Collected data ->

++++++++++

lemma deriv_mono:
  assumes "0 < x" "x \<le> y" shows "deriv \<tau> x \<le> deriv \<tau> y"
proof -
  have "deriv \<tau> x * (y - x) \<le> \<tau> y - \<tau> x" "deriv \<tau> y * (x - y) \<le> \<tau> x - \<tau> y"
    using tau_above_tangent assms by auto
  then have "0 \<le> (deriv \<tau> y - deriv \<tau> x) * (y - x)" by (simp add: algebra_simps)
  then show ?thesis using assms by (cases "x = y") (auto simp: zero_le_mult_iff)
qed

lemma tau_pos:
  assumes "0 < x" shows "0 < \<tau> x"
proof -
  have "0 < deriv \<tau> (x/2) * (x - x/2)" using deriv_pos assms by simp
  also have "\<dots> \<le> \<tau> x - \<tau> (x/2)" using tau_above_tangent[of "x/2" x] assms by simp
  finally show ?thesis using tau_nonneg[of "x/2"] assms by simp
qed

lemma deriv_tendsto_tau_deriv_0: "(deriv \<tau> \<longlongrightarrow> tau_deriv \<tau> 0) (at_right 0)"
proof -
  have "(deriv \<tau> \<longlongrightarrow> Inf (deriv \<tau> ` ({0<..} \<inter> UNIV))) (at_right 0)"
    using Lim_right_bound[of UNIV 0 "deriv \<tau>" 0] deriv_mono deriv_pos by (simp add: less_imp_le)
  then show ?thesis
    unfolding tau_deriv_def by (simp add: tendsto_Lim)
qed

lemma tau_deriv_eq_deriv: "0 < x \<Longrightarrow> tau_deriv \<tau> x = deriv \<tau> x"
  by (simp add: tau_deriv_def)

lemma tau_deriv_0_le:
  assumes "0 < y" shows "tau_deriv \<tau> 0 \<le> deriv \<tau> y"
  using deriv_tendsto_tau_deriv_0
  by (rule tendsto_upperbound)
    (use eventually_at_right_real[OF assms] deriv_mono in \<open>auto elim!: eventually_mono\<close>)

lemma tau_deriv_nonneg:
  assumes "0 \<le> x" shows "0 \<le> tau_deriv \<tau> x"
proof (cases "x = 0")
  case True
  have "\<forall>\<^sub>F y in at_right 0. 0 \<le> deriv \<tau> y"
    using eventually_at_right_less[of 0] by eventually_elim (simp add: deriv_pos less_imp_le)
  with deriv_tendsto_tau_deriv_0 True show ?thesis by (auto intro: tendsto_lowerbound)
qed (use assms deriv_pos tau_deriv_eq_deriv in \<open>auto simp: less_imp_le\<close>)

lemma tau_deriv_mono: "0 \<le> x \<Longrightarrow> x \<le> y \<Longrightarrow> tau_deriv \<tau> x \<le> tau_deriv \<tau> y"
  using deriv_mono tau_deriv_0_le tau_deriv_eq_deriv
  by (cases "x = 0"; cases "y = 0") auto

text \<open>That is, \<open>\<tau>'(x)/x\<close> is nonincreasing: compare \<open>\<tau>'(x)\<close> with the chord of the concave \<open>\<tau>'\<close> from \<open>s\<close>
  to \<open>z\<close>, then let \<open>s \<rightarrow> 0\<close>.\<close>
lemma deriv_scaled_le:
  assumes "0 < x" "x \<le> z" shows "x * deriv \<tau> z \<le> z * deriv \<tau> x"
proof -
  have chord: "(x - s) * deriv \<tau> z \<le> z * deriv \<tau> x" if s: "0 < s" "s < x" for s
  proof -
    define t where "t = (x - s) / (z - s)"
    have zs: "0 < z - s" using s assms by simp
    have t: "0 \<le> t" "t \<le> 1" "t * (z - s) = x - s"
      using s assms zs by (simp_all add: t_def pos_divide_le_eq)
    then have "x = (1 - t) *\<^sub>R s + t *\<^sub>R z" by (simp add: algebra_simps)
    then have "(1 - t) * deriv \<tau> s + t * deriv \<tau> z \<le> deriv \<tau> x"
      using concave_onD[OF deriv_concave t(1,2), of s z] s assms by simp
    moreover have "0 \<le> (1 - t) * deriv \<tau> s" using t s deriv_pos by (simp add: less_imp_le)
    ultimately have "t * deriv \<tau> z * (z - s) \<le> deriv \<tau> x * (z - s)"
      using zs by (intro mult_right_mono) auto
    then have "(x - s) * deriv \<tau> z \<le> deriv \<tau> x * (z - s)"
      by (metis t(3) mult.assoc mult.commute)
    also have "\<dots> \<le> z * deriv \<tau> x"
      using s deriv_pos[OF assms(1)] by (simp add: algebra_simps)
    finally show ?thesis .
  qed
  have "((\<lambda>s. (x - s) * deriv \<tau> z) \<longlongrightarrow> (x - 0) * deriv \<tau> z) (at_right 0)"
    by (intro tendsto_intros)
  moreover have "\<forall>\<^sub>F s in at_right 0. (x - s) * deriv \<tau> z \<le> z * deriv \<tau> x"
    using eventually_at_right_real[OF assms(1)] by eventually_elim (rule chord; simp)
  ultimately show ?thesis by (intro tendsto_upperbound) auto
qed

lemma tau_deriv_subadditive:
  assumes "0 \<le> x" "0 \<le> y" shows "tau_deriv \<tau> (x + y) \<le> tau_deriv \<tau> x + tau_deriv \<tau> y"
proof (cases "x = 0 \<or> y = 0")
  case True
  then show ?thesis using tau_deriv_nonneg[of x] tau_deriv_nonneg[of y] assms by (elim disjE) simp_all
next
  case False
  then have pos: "0 < x" "0 < y" using assms by auto
  have "x * deriv \<tau> (x + y) \<le> (x + y) * deriv \<tau> x" "y * deriv \<tau> (x + y) \<le> (x + y) * deriv \<tau> y"
    using deriv_scaled_le[of x "x + y"] deriv_scaled_le[of y "x + y"] pos by simp_all
  then have "(x + y) * deriv \<tau> (x + y) \<le> (x + y) * (deriv \<tau> x + deriv \<tau> y)"
    by (simp add: distrib_left distrib_right)
  then have "deriv \<tau> (x + y) \<le> deriv \<tau> x + deriv \<tau> y"
    using pos by (simp add: mult_le_cancel_left_pos)
  then show ?thesis using pos by (simp add: tau_deriv_eq_deriv)
qed

lemma tau_deriv_right_continuous:
  assumes "0 \<le> b" shows "(tau_deriv \<tau> \<longlongrightarrow> tau_deriv \<tau> b) (at_right b)"
proof -
  have "\<forall>\<^sub>F x in at_right b. deriv \<tau> x = tau_deriv \<tau> x"
    using eventually_at_right_less[of b] by eventually_elim (use assms in \<open>simp add: tau_deriv_eq_deriv\<close>)
  moreover have "(deriv \<tau> \<longlongrightarrow> tau_deriv \<tau> b) (at_right b)"
  proof (cases "b = 0")
    case False
    have "continuous_on {0<..} (\<lambda>x. - deriv \<tau> x)"
      using deriv_concave by (intro convex_on_continuous) (auto simp: concave_on_def)
    then have "continuous_on {0<..} (deriv \<tau>)"
      using continuous_on_minus by fastforce
    then have "isCont (deriv \<tau>) b"
      using False assms by (simp add: continuous_on_eq_continuous_at)
    then show ?thesis
      using False assms by (simp add: isCont_def filterlim_at_split tau_deriv_eq_deriv)
  qed (use deriv_tendsto_tau_deriv_0 in simp)
  ultimately show ?thesis by (rule tendsto_cong[THEN iffD1])
qed

lemma tau_increment_le:
  assumes "0 \<le> x" "x \<le> y" shows "\<tau> y - \<tau> x \<le> (y - x) * tau_deriv \<tau> y"
proof (cases "y = 0")
  case False
  then have "0 < y" using assms by simp
  then have "deriv \<tau> y * (x - y) \<le> \<tau> x - \<tau> y" using tau_above_tangent assms by simp
  moreover have "(y - x) * deriv \<tau> y = - (deriv \<tau> y * (x - y))" by (simp add: algebra_simps)
  ultimately show ?thesis using \<open>0 < y\<close> by (simp add: tau_deriv_eq_deriv)
qed (use assms in simp)

lemma tau_ge_linear:
  assumes "1 \<le> D" shows "D * \<tau> 1 \<le> \<tau> D"
proof -
  have "\<tau> ((1 - 1/D) *\<^sub>R 0 + (1/D) *\<^sub>R D) \<le> (1 - 1/D) * \<tau> 0 + (1/D) * \<tau> D"
    using convex_onD[OF tau_convex, of "1/D" 0 D] assms by simp
  then have "\<tau> 1 \<le> \<tau> D / D" using assms by simp
  then show ?thesis using assms by (simp add: le_divide_eq mult.commute)
qed

lemma tau_deriv_le_tau:
  assumes "0 < D" shows "D * tau_deriv \<tau> D \<le> 4 * \<tau> D"
proof -
  have half: "tau_deriv \<tau> (D/2) = deriv \<tau> (D/2)" using assms by (simp add: tau_deriv_eq_deriv)
  have "tau_deriv \<tau> D \<le> 2 * deriv \<tau> (D/2)"
    using tau_deriv_subadditive[of "D/2" "D/2"] assms by (simp add: half)
  then have "D * tau_deriv \<tau> D \<le> D * (2 * deriv \<tau> (D/2))"
    using assms by (intro mult_left_mono) auto
  also have "\<dots> = 4 * (deriv \<tau> (D/2) * (D - D/2))" by (simp add: algebra_simps)
  also have "\<dots> \<le> 4 * (\<tau> D - \<tau> (D/2))"
    using tau_above_tangent[of "D/2" D] assms by (intro mult_left_mono) auto
  also have "\<dots> \<le> 4 * \<tau> D" using tau_nonneg[of "D/2"] assms by simp
  finally show ?thesis .
qed

lemma tau_increase_le:
  assumes "0 \<le> a" "0 \<le> b" "\<bar>a - b\<bar> \<le> D" shows "\<tau> a - \<tau> b \<le> D * tau_deriv \<tau> (b + D)"
proof (cases "b \<le> a")
  case True
  have "\<tau> a - \<tau> b \<le> (a - b) * tau_deriv \<tau> a" using tau_increment_le True assms by simp
  also have "\<dots> \<le> D * tau_deriv \<tau> (b + D)"
    using assms tau_deriv_mono[of a "b + D"] tau_deriv_nonneg[of a] by (intro mult_mono) auto
  finally show ?thesis .
next
  case False
  have "0 \<le> D * tau_deriv \<tau> (b + D)" using tau_deriv_nonneg[of "b + D"] assms by simp
  then show ?thesis using tau_mono[of a b] False assms by simp
qed

lemma tau_decrease_le:
  assumes "0 \<le> a" "0 \<le> b" "\<bar>a - b\<bar> \<le> D" shows "\<tau> b - \<tau> a \<le> D * tau_deriv \<tau> b"
proof (cases "a \<le> b")
  case True
  have "\<tau> b - \<tau> a \<le> (b - a) * tau_deriv \<tau> b" using tau_increment_le True assms by simp
  also have "\<dots> \<le> D * tau_deriv \<tau> b" using assms tau_deriv_nonneg[of b] by (intro mult_right_mono) auto
  finally show ?thesis .
next
  case False
  have "0 \<le> D * tau_deriv \<tau> b" using tau_deriv_nonneg[of b] assms by simp
  then show ?thesis using tau_mono[of b a] False assms by linarith
qed

lemma abs_tau_diff_le:
  assumes "0 \<le> a" "0 \<le> b" "\<bar>a - b\<bar> \<le> D"
  shows "\<bar>\<tau> a - \<tau> b\<bar> \<le> D * (tau_deriv \<tau> b + tau_deriv \<tau> D)"
proof -
  have D: "0 \<le> D" "0 \<le> tau_deriv \<tau> D" using assms tau_deriv_nonneg by auto
  have "D * tau_deriv \<tau> (b + D) \<le> D * (tau_deriv \<tau> b + tau_deriv \<tau> D)"
    using tau_deriv_subadditive[of b D] D assms by (intro mult_left_mono) auto
  moreover have "D * tau_deriv \<tau> b \<le> D * (tau_deriv \<tau> b + tau_deriv \<tau> D)"
    using D by (intro mult_left_mono) auto
  ultimately show ?thesis using tau_increase_le[OF assms] tau_decrease_le[OF assms] by linarith
qed

lemma abs_tau_defect_le:
  assumes "0 \<le> a" "0 \<le> b" "0 \<le> D" "\<bar>a - D\<bar> \<le> b"
  shows "\<bar>\<tau> a - \<tau> b - \<tau> D\<bar> \<le> b * (tau_deriv \<tau> D + tau_deriv \<tau> b)"
proof -
  have "\<tau> a - \<tau> D \<le> b * tau_deriv \<tau> (D + b)" using tau_increase_le[of a D b] assms by simp
  also have "\<dots> \<le> b * (tau_deriv \<tau> D + tau_deriv \<tau> b)"
    using tau_deriv_subadditive[of D b] assms by (intro mult_left_mono) auto
  finally have up: "\<tau> a - \<tau> D \<le> b * (tau_deriv \<tau> D + tau_deriv \<tau> b)" .
  have "\<tau> D - \<tau> a \<le> b * tau_deriv \<tau> D" using tau_decrease_le[of a D b] assms by simp
  moreover have "\<tau> b \<le> b * tau_deriv \<tau> b" using tau_increment_le[of 0 b] assms by simp
  moreover have "b * (tau_deriv \<tau> D + tau_deriv \<tau> b) = b * tau_deriv \<tau> D + b * tau_deriv \<tau> b"
    by (rule distrib_left)
  ultimately show ?thesis using up tau_nonneg[of b] assms unfolding abs_le_iff by linarith
qed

++++++++++

What you need to do ->
There is a line with "x \<le> deriv" and a line with "qed (use assms deriv_pos" above. Copy exactly those two lines and all lines between them, with nothing else.

Answer area ->
  assumes "0 < x" "x \<le> y" shows "deriv \<tau> x \<le> deriv \<tau> y"
proof -
  have "deriv \<tau> x * (y - x) \<le> \<tau> y - \<tau> x" "deriv \<tau> y * (x - y) \<le> \<tau> x - \<tau> y"
    using tau_above_tangent assms by auto
  then have "0 \<le> (deriv \<tau> y - deriv \<tau> x) * (y - x)" by (simp add: algebra_simps)
  then show ?thesis using assms by (cases "x = y") (auto simp: zero_le_mult_iff)
qed

lemma tau_pos:
  assumes "0 < x" shows "0 < \<tau> x"
proof -
  have "0 < deriv \<tau> (x/2) * (x - x/2)" using deriv_pos assms by simp
  also have "\<dots> \<le> \<tau> x - \<tau> (x/2)" using tau_above_tangent[of "x/2" x] assms by simp
  finally show ?thesis using tau_nonneg[of "x/2"] assms by simp
qed

lemma deriv_tendsto_tau_deriv_0: "(deriv \<tau> \<longlongrightarrow> tau_deriv \<tau> 0) (at_right 0)"
proof -
  have "(deriv \<tau> \<longlongrightarrow> Inf (deriv \<tau> ` ({0<..} \<inter> UNIV))) (at_right 0)"
    using Lim_right_bound[of UNIV 0 "deriv \<tau>" 0] deriv_mono deriv_pos by (simp add: less_imp_le)
  then show ?thesis
    unfolding tau_deriv_def by (simp add: tendsto_Lim)
qed

lemma tau_deriv_eq_deriv: "0 < x \<Longrightarrow> tau_deriv \<tau> x = deriv \<tau> x"
  by (simp add: tau_deriv_def)

lemma tau_deriv_0_le:
  assumes "0 < y" shows "tau_deriv \<tau> 0 \<le> deriv \<tau> y"
  using deriv_tendsto_tau_deriv_0
  by (rule tendsto_upperbound)
    (use eventually_at_right_real[OF assms] deriv_mono in \<open>auto elim!: eventually_mono\<close>)

lemma tau_deriv_nonneg:
  assumes "0 \<le> x" shows "0 \<le> tau_deriv \<tau> x"
proof (cases "x = 0")
  case True
  have "\<forall>\<^sub>F y in at_right 0. 0 \<le> deriv \<tau> y"
    using eventually_at_right_less[of 0] by eventually_elim (simp add: deriv_pos less_imp_le)
  with deriv_tendsto_tau_deriv_0 True show ?thesis by (auto intro: tendsto_lowerbound)
qed (use assms deriv_pos tau_deriv_eq_deriv in \<open>auto simp: less_imp_le\<close>)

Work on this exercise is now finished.